## EXERCISE OBJECTIVE
Every line from the one with "both even and odd.\<close>" to the end of the data needs to be copied exactly, and no line before it.

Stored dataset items
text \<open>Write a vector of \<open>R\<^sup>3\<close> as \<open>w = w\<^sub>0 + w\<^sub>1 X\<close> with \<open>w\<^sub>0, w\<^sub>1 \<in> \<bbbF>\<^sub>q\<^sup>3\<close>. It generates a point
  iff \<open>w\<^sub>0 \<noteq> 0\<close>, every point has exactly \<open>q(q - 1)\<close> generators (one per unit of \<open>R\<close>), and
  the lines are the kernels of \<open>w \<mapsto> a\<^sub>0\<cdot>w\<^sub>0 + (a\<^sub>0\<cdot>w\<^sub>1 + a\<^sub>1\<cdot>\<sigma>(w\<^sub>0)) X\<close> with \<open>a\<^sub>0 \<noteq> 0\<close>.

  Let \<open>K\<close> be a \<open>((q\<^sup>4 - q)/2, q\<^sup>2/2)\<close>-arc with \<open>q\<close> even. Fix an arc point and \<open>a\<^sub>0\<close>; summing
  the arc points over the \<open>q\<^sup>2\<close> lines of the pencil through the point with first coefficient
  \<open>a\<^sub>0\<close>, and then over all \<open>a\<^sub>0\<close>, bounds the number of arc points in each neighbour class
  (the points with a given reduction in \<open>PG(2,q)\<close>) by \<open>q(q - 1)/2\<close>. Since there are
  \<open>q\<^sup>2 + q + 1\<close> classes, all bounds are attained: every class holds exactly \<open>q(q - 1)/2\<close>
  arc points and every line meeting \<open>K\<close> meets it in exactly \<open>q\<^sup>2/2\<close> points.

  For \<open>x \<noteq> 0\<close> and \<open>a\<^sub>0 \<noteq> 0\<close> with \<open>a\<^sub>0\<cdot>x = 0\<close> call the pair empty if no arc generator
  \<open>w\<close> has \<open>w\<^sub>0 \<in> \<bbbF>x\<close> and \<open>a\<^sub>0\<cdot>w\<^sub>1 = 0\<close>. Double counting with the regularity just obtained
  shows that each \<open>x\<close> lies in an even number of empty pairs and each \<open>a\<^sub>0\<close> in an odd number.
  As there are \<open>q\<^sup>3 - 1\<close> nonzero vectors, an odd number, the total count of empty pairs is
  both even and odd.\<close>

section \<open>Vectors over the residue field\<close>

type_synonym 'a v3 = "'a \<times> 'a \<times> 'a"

## SOLUTION FOR THIS TASK
  both even and odd.\<close>

section \<open>Vectors over the residue field\<close>

type_synonym 'a v3 = "'a \<times> 'a \<times> 'a"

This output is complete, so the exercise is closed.